Assignment: Restate word for word the lines of the records below, starting at the line that contains "j) \<noteq> (n" and ending at the line that contains "1, n) \<noteq>", with both of those lines included and nothing else.

Dataset excerpts:
# # # # # # #

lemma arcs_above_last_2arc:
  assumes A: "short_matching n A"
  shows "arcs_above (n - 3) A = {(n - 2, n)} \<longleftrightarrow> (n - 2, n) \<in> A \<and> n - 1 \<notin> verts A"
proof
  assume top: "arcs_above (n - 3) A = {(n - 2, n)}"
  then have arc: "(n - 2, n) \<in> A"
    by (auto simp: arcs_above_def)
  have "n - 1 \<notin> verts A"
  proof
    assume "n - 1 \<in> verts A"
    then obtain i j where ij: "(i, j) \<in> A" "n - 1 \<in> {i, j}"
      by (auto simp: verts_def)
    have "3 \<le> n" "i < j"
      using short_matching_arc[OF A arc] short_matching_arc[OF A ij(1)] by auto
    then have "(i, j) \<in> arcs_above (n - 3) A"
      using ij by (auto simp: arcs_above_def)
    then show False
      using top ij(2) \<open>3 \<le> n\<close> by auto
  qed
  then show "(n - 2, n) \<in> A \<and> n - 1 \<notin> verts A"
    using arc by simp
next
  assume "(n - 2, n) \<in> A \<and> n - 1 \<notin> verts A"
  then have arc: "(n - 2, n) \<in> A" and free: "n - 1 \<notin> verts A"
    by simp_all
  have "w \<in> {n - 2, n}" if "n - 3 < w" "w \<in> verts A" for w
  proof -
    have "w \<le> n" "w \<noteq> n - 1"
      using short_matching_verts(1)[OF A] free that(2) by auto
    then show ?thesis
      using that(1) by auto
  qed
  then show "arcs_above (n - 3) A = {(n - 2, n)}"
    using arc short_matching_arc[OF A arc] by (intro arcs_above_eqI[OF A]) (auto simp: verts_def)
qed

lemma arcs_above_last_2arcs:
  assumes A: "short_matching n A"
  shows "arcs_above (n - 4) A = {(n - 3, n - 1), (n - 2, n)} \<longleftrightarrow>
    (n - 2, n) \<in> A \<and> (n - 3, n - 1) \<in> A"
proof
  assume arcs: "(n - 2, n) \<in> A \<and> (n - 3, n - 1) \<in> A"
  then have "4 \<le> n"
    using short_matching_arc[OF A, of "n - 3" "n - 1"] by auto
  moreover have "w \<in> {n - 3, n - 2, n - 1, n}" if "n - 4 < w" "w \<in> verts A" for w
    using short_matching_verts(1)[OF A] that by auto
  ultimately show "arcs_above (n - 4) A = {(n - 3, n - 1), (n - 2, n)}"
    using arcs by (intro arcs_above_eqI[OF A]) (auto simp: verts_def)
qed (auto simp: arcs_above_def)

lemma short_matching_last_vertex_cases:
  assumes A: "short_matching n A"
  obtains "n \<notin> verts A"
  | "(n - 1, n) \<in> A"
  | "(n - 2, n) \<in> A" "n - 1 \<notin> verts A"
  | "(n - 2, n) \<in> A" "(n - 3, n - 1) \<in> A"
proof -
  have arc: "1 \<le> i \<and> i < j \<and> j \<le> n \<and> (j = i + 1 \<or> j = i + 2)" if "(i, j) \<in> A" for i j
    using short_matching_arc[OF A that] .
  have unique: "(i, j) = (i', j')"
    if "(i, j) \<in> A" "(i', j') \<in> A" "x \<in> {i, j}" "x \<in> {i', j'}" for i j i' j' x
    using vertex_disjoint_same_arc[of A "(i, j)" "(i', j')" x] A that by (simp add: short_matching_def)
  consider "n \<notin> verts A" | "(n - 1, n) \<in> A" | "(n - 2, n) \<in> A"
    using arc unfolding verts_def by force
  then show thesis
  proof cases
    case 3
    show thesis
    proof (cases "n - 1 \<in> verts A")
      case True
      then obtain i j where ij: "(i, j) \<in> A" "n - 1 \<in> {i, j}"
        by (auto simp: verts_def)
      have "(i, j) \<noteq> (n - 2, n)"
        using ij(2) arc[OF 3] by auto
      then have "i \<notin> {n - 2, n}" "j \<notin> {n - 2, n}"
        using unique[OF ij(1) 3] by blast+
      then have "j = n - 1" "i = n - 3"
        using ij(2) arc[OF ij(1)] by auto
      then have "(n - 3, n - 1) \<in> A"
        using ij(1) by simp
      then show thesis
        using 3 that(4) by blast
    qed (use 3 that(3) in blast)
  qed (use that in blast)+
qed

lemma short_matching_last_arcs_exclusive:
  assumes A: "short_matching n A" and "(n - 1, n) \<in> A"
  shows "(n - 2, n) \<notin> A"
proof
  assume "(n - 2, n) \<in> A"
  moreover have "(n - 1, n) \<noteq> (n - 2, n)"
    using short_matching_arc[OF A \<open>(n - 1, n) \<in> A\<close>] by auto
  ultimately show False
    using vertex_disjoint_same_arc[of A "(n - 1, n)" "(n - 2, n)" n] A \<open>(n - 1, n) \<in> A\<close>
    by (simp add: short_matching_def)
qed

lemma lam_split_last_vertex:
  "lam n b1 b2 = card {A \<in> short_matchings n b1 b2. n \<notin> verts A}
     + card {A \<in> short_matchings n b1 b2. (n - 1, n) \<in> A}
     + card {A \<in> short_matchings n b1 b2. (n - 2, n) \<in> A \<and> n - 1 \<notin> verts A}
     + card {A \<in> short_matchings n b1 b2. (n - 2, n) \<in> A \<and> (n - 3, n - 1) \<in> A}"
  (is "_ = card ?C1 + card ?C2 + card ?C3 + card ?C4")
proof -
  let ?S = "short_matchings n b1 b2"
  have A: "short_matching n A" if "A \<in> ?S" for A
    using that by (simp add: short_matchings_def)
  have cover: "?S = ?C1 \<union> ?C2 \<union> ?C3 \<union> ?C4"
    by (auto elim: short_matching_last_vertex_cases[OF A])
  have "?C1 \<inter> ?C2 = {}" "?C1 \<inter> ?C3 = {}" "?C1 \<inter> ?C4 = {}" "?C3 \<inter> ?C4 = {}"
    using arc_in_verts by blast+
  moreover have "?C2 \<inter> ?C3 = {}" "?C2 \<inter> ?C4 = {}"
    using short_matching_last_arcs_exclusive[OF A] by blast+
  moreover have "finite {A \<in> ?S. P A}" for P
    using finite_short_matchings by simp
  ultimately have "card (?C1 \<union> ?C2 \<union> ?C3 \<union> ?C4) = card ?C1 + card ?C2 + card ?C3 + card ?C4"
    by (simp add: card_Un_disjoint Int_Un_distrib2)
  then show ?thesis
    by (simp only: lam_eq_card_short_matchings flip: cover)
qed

# # # # # # #

Written answer:
      have "(i, j) \<noteq> (n - 2, n)"
        using ij(2) arc[OF 3] by auto
      then have "i \<notin> {n - 2, n}" "j \<notin> {n - 2, n}"
        using unique[OF ij(1) 3] by blast+
      then have "j = n - 1" "i = n - 3"
        using ij(2) arc[OF ij(1)] by auto
      then have "(n - 3, n - 1) \<in> A"
        using ij(1) by simp
      then show thesis
        using 3 that(4) by blast
    qed (use 3 that(3) in blast)
  qed (use that in blast)+
qed

lemma short_matching_last_arcs_exclusive:
  assumes A: "short_matching n A" and "(n - 1, n) \<in> A"
  shows "(n - 2, n) \<notin> A"
proof
  assume "(n - 2, n) \<in> A"
  moreover have "(n - 1, n) \<noteq> (n - 2, n)"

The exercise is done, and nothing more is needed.